[Opening Given entries section]
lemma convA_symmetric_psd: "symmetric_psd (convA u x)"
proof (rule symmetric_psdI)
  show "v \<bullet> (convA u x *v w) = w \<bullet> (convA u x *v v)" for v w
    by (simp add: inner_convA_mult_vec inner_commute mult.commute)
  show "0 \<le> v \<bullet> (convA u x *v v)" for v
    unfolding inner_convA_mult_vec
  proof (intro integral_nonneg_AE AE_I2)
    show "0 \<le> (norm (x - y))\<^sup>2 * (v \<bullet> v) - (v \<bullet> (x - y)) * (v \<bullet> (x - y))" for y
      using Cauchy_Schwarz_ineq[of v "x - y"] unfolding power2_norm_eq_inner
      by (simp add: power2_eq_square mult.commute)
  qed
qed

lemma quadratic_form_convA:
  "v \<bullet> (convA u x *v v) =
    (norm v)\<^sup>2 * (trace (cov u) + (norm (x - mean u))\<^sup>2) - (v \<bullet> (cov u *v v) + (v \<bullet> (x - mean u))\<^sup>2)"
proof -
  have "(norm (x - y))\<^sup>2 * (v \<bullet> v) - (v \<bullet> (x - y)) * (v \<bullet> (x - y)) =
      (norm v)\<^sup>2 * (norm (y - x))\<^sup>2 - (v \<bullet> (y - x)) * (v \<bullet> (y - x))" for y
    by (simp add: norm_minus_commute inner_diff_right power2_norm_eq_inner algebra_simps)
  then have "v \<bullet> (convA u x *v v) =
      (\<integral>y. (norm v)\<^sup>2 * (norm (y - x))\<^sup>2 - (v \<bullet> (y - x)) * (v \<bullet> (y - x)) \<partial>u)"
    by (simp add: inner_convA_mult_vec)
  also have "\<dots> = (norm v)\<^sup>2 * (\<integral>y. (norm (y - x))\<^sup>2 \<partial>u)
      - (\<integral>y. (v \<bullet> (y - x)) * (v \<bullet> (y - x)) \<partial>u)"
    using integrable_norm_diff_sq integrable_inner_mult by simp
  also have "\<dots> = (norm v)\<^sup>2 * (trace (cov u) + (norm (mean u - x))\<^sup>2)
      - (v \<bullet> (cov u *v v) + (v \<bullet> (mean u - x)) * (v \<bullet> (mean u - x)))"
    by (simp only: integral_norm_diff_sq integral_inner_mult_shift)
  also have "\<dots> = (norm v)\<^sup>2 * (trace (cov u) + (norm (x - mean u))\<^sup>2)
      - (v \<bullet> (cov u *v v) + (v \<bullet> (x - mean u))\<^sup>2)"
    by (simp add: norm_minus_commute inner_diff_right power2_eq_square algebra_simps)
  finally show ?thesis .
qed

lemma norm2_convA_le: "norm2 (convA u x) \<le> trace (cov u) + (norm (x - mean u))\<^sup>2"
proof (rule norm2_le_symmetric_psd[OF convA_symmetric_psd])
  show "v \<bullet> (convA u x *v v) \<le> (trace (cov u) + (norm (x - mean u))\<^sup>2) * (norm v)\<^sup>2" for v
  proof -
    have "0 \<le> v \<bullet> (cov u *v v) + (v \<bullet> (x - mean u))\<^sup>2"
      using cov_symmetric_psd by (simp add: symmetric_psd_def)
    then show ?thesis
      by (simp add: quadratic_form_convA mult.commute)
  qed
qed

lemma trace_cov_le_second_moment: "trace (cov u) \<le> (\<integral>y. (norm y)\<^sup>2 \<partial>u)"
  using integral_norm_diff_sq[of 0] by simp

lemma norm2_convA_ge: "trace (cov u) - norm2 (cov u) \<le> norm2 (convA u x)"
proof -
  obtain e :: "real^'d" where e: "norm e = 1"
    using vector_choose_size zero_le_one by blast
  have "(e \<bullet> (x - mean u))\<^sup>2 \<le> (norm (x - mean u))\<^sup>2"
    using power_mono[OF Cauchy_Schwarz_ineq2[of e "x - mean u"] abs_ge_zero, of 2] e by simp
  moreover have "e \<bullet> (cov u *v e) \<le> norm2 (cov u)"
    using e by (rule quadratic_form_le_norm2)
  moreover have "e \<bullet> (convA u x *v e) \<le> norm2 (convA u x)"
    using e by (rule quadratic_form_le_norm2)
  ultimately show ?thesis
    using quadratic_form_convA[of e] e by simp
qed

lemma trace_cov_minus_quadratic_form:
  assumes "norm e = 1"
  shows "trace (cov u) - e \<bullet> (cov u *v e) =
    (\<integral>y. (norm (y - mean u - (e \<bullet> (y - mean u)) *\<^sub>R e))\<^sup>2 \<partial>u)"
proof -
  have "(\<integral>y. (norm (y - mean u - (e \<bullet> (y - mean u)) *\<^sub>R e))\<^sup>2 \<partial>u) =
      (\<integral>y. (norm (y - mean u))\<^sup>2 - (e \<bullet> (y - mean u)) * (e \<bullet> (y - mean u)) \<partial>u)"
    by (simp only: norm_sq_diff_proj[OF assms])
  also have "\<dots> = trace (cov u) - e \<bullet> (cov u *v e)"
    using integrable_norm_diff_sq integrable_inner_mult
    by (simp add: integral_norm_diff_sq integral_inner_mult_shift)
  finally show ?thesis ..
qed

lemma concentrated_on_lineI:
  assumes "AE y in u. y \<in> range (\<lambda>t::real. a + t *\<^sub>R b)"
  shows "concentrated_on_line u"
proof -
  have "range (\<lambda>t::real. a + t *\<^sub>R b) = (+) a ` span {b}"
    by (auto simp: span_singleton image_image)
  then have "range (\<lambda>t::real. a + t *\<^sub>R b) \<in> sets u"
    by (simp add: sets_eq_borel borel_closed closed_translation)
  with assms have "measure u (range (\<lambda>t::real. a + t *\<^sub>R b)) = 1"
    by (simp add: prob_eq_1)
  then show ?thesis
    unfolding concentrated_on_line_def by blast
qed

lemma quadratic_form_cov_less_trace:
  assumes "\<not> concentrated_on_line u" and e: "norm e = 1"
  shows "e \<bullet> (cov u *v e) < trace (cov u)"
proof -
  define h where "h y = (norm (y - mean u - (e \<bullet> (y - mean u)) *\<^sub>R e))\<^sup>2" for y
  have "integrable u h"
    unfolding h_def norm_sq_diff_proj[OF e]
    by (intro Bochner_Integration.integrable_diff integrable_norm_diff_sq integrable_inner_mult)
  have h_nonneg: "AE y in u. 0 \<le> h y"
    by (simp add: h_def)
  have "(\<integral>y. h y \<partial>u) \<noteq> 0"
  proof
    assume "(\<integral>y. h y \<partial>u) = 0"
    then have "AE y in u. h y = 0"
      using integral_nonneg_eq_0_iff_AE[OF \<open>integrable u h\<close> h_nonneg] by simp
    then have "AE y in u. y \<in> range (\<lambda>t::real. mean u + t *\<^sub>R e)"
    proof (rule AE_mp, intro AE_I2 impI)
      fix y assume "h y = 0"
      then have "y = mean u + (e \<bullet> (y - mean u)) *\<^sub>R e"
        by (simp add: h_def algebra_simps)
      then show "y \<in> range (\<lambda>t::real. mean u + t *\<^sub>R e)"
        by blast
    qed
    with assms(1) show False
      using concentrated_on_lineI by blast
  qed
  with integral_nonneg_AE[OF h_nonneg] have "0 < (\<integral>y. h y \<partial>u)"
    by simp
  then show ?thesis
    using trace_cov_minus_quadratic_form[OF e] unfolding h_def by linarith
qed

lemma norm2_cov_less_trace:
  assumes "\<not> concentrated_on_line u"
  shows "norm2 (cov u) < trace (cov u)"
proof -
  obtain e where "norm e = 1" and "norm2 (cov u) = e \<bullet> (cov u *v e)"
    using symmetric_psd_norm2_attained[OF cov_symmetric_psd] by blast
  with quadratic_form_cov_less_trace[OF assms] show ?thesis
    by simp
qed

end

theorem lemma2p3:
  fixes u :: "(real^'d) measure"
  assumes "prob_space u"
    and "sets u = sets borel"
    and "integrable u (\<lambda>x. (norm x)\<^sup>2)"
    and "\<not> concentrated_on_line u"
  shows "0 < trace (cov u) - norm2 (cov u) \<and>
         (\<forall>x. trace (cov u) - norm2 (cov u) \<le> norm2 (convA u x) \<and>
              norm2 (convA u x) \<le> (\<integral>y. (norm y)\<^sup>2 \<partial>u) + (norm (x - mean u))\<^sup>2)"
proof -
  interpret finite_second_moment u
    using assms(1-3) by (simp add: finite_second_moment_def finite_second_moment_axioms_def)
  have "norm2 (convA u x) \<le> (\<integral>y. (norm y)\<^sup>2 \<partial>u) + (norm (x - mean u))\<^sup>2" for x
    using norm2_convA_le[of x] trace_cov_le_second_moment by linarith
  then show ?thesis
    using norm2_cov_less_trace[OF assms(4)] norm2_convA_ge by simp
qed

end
[Closing Given entries section]
#### What the task asks
Of the lines above, output exactly those from the line bearing "by (intro Bochner_Integration.integrable_diff" through the line bearing "using integral_nonneg_eq_0_iff_AE[OF \<open>integrable", inclusive.

#### Answer area
    by (intro Bochner_Integration.integrable_diff integrable_norm_diff_sq integrable_inner_mult)
  have h_nonneg: "AE y in u. 0 \<le> h y"
    by (simp add: h_def)
  have "(\<integral>y. h y \<partial>u) \<noteq> 0"
  proof
    assume "(\<integral>y. h y \<partial>u) = 0"
    then have "AE y in u. h y = 0"
      using integral_nonneg_eq_0_iff_AE[OF \<open>integrable u h\<close> h_nonneg] by simp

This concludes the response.